Can strapping on a headset that puts you in a mountain meadow induce you to visit that actual meadow on your next vacation?
The travel industry thinks so, and last week's Globe article "Can virtual reality bring real tourists to B.C.?" practically yodels "YES!" in reply.
I beg to disagree, or at least to pause in praising virtual reality (VR) as the next revolution in travel.
I say this because, the day before this article appeared, I had a demonstration of VR's astounding ability to convey the three-dimensional, 360-degree reality of, well, everything you can see now on a YouTube video, including travel videos. The demo had four parts: a Cirque du Soleil performance where I was on stage with acrobats flinging around me; a guy walking through the streets of New York; a baby one month from being born (the baby smiled at me!); and a mountaintop that the camera (and I) took off from.
They were all stunning. I was charmed, gob-smacked, instantly hooked. After 10 minutes, I felt the same way I did when I first used a mobile phone to take pictures, the first time I saw a 3D movie, the first time I'd actually been to a real mountaintop.
Part of my life involves taking friends on trips -- especially to the Rocky Mountains. So, I started thinking about the future of what I'd just experienced. My second thoughts started seconds into that process. Maybe it was because I felt slightly nauseated after taking off the headset. The demo guy told me this can happen, because the 3D, 360-degree stuff plays tricks with your eyes and sense of balance.
That aside, there are some implications from this magical new technology that may make claims of the death of printed brochures and even 3D videos greatly exaggerated. Here are a handful of reminders that every new technology comes with unintended consequences:
1. If everything's amazing, pretty soon nothing is.

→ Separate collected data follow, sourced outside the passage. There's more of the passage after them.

(* Let $\mathcal{M}$ be a matroid on $[m]$ with base polytope $P$, let $x_0\in P$, and let $\hat x=\chi(S)$ be the (random) extreme point of $P$ output by randomized pipage rounding started at $x_0$. Let $f:2^{[m]}\to\mathbb{R}$ be non-negative, monotone non-decreasing and submodular with marginals $f(T\cup\{i\})-f(T)\in[0,1]$, let $F(x)=\mathbb{E}_{X\sim\mathcal{D}(x)}[f(X)]$ be its multilinear extension, and let $\mu=F(x_0)$. Then for every $\delta\in[0,1)$, \[ \Pr\big[f(S)\le(1-\delta)\mu\big]\le \exp(-\delta^2\mu/2). \]
   Context: The base polytope of a matroid is the convex hull of the characteristic vectors $\chi(B)\in\{0,1\}^m$ of its bases. For $x\in[0,1]^m$, $\mathcal{D}(x)$ is the product distribution on $\{0,1\}^m$ (identified with subsets of $[m]$) with $\Pr[X_i=1]=x_i$ independently. Randomized pipage rounding started at $x_0\in P$: set $p=x_0$; while $p$ is not an extreme point of $P$, choose distinct $a,b\in[m]$ such that $p+z(e_a-e_b)\in P$ for all $z$ in some open neighborhood of $0$ (such $a,b$ exist whenever $p$ is not extreme), let $\ell=\min\{z: p+z(e_a-e_b)\in P\}<0<u=\max\{z:p+z(e_a-e_b)\in P\}$, and replace $p$ by $p+\ell(e_a-e_b)$ with probability $u/(u-\ell)$ and by $p+u(e_a-e_b)$ with probability $-\ell/(u-\ell)$ (independently of the past given the current state); output the final extreme point. The choice of $a,b$ may be arbitrary (subject to the stated condition). *)

theory Defs
  imports "HOL-Analysis.Analysis" "HOL-Probability.Probability"
begin

text \<open>Matroid on the finite ground set UNIV :: 'n set (which plays the role of [m]),
  given by its family of bases (basis exchange axiom).\<close>
definition matroid_bases :: "('n::finite) set set \<Rightarrow> bool" where
  "matroid_bases Bs \<longleftrightarrow> Bs \<noteq> {} \<and>
     (\<forall>B1\<in>Bs. \<forall>B2\<in>Bs. \<forall>x\<in>B1 - B2. \<exists>y\<in>B2 - B1. insert y (B1 - {x}) \<in> Bs)"

definition chi :: "('n::finite) set \<Rightarrow> real ^ 'n" where
  "chi S = (\<chi> i. if i \<in> S then 1 else 0)"

definition base_polytope :: "('n::finite) set set \<Rightarrow> (real ^ 'n) set" where
  "base_polytope Bs = convex hull (chi ` Bs)"

definition prod_dist :: "real ^ ('n::finite) \<Rightarrow> 'n set pmf" where
  "prod_dist x = map_pmf (\<lambda>X. {i. X i}) (Pi_pmf UNIV False (\<lambda>i. bernoulli_pmf (x $ i)))"

definition multilinear_ext :: "(('n::finite) set \<Rightarrow> real) \<Rightarrow> real ^ 'n \<Rightarrow> real" where
  "multilinear_ext f x = measure_pmf.expectation (prod_dist x) f"

definition admissible_pair :: "(real ^ ('n::finite)) set \<Rightarrow> real ^ 'n \<Rightarrow> 'n \<Rightarrow> 'n \<Rightarrow> bool" where
  "admissible_pair P p a b \<longleftrightarrow> a \<noteq> b \<and>
     (\<exists>e>0. \<forall>z. \<bar>z\<bar> < e \<longrightarrow> p + z *\<^sub>R (axis a 1 - axis b 1) \<in> P)"

text \<open>The state is the history of points
  (most recent first); the pair (a,b) is chosen by an arbitrary strategy sg that may
  depend on the whole history.\<close>
definition pipage_step ::
  "(real ^ ('n::finite)) set \<Rightarrow> ((real ^ 'n) list \<Rightarrow> 'n \<times> 'n) \<Rightarrow> (real ^ 'n) list \<Rightarrow> (real ^ 'n) list pmf" where
  "pipage_step P sg h =
     (let p = hd h in
      if p extreme_point_of P then return_pmf h
      else (let a = fst (sg h); b = snd (sg h);
                d = axis a 1 - axis b 1;
                l = Inf {z. p + z *\<^sub>R d \<in> P};
                u = Sup {z. p + z *\<^sub>R d \<in> P}
            in map_pmf (\<lambda>c. (if c then p + l *\<^sub>R d else p + u *\<^sub>R d) # h)
                 (bernoulli_pmf (u / (u - l)))))"

definition pipage_run ::
  "(real ^ ('n::finite)) set \<Rightarrow> ((real ^ 'n) list \<Rightarrow> 'n \<times> 'n) \<Rightarrow> real ^ 'n \<Rightarrow> nat \<Rightarrow> (real ^ 'n) list pmf" where
  "pipage_run P sg x0 n = ((\<lambda>M. bind_pmf M (pipage_step P sg)) ^^ n) (return_pmf [x0])"

end

theory Submission
  imports Defs
begin

text \<open>Write \<open>G(p)\<close> for the expectation of \<open>exp(-\<theta> f(X))\<close> under the product distribution
  \<open>D(p)\<close>. Since \<open>f\<close> is monotone and submodular, \<open>exp(-\<theta> f)\<close> has nonnegative second
  differences, so along every exchange direction \<open>e\<^sub>a - e\<^sub>b\<close> the multilinear function
  \<open>G\<close> is a concave quadratic. A pipage step is a mean-zero move along such a line, hence
  \<open>G\<close> of the current point is a supermartingale and \<open>E[G(x)] \<le> G(x\<^sub>0)\<close> for the output
  \<open>x\<close>. At a vertex \<open>\<chi>(S)\<close> we have \<open>G = exp(-\<theta> f(S))\<close>, so Markov's inequality gives
  \<open>Pr[f(S) \<le> t] \<le> e\<^sup>\<theta>\<^sup>t G(x\<^sub>0)\<close>. Harris' inequality lets the usual Chernoff estimate
  \<open>G(x\<^sub>0) \<le> exp((e\<^sup>-\<^sup>\<theta> - 1) \<mu>)\<close> go through, and \<open>\<theta> = -ln(1 - \<delta>)\<close> gives the bound.
  Only compactness of the base polytope and its inclusion in the unit cube are used.\<close>

text \<open>For \<open>x\<close> in the unit cube, \<open>subset_expect I x g\<close> is the expectation of \<open>g X\<close> for the
  random set \<open>X \<subseteq> I\<close> containing each \<open>i\<close> independently with probability \<open>x i\<close>; as a
  polynomial in \<open>x\<close> it is the multilinear extension of \<open>g\<close>.\<close>

definition subset_weight :: "'a set \<Rightarrow> ('a \<Rightarrow> real) \<Rightarrow> 'a set \<Rightarrow> real" where
  "subset_weight I x A = (\<Prod>i\<in>A. x i) * (\<Prod>i\<in>I - A. 1 - x i)"

definition subset_expect :: "'a set \<Rightarrow> ('a \<Rightarrow> real) \<Rightarrow> ('a set \<Rightarrow> real) \<Rightarrow> real" where
  "subset_expect I x g = (\<Sum>A\<in>Pow I. subset_weight I x A * g A)"

lemma subset_expect_empty [simp]: "subset_expect {} x g = g {}"
  by (simp add: subset_expect_def subset_weight_def)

Companies are placing billion-dollar bets that VR will catch on the way video itself has. But remember just a few years ago when travel videos were a novelty? Sure, a few early adopters gained a market advantage, just like B.C. plans to (they're the first government agency to use VR to market their destinations).
But now, it's only if you don't have a marketing video that people will give your destination or property a pass. I think the same will soon hold true for VR.
2. The VR of a bad hotel only amplifies the reality of a bad hotel.
Still photos can still fool us. That creaky hotel can look all dressed up and new in a retouched photo. With video, it's harder to fake grimy reality. With VR video, it's much, much harder to sweep the grunge under the rug , especially when you're standing on the rug. So, top-rate places will be proud to show themselves off in VR; others, not so much.
3. VR is incredibly expensive to produce.
Sure, that cost will fall dramatically in the next few years. But not so much that it won't create a class system with the rich destinations and marketers "going VR" and the poor ones not.
4. Pretty soon, it won't be enough for just you to be immersed in the video.
Your family and friends (or at least their avatars) will need to be in the same totally immersive picture. And that won't cost peanuts.
5. Isn't travel supposed to be about making discoveries?
You know, about the world and yourself? I suspect being able to preview every nanosecond of your incredible experience on that mountaintop will diminish the thrill of actually standing there. As the saying goes: "Adventure is not in the guidebook, and beauty is not on the map."
Nor will reality succumb easily to virtual reality.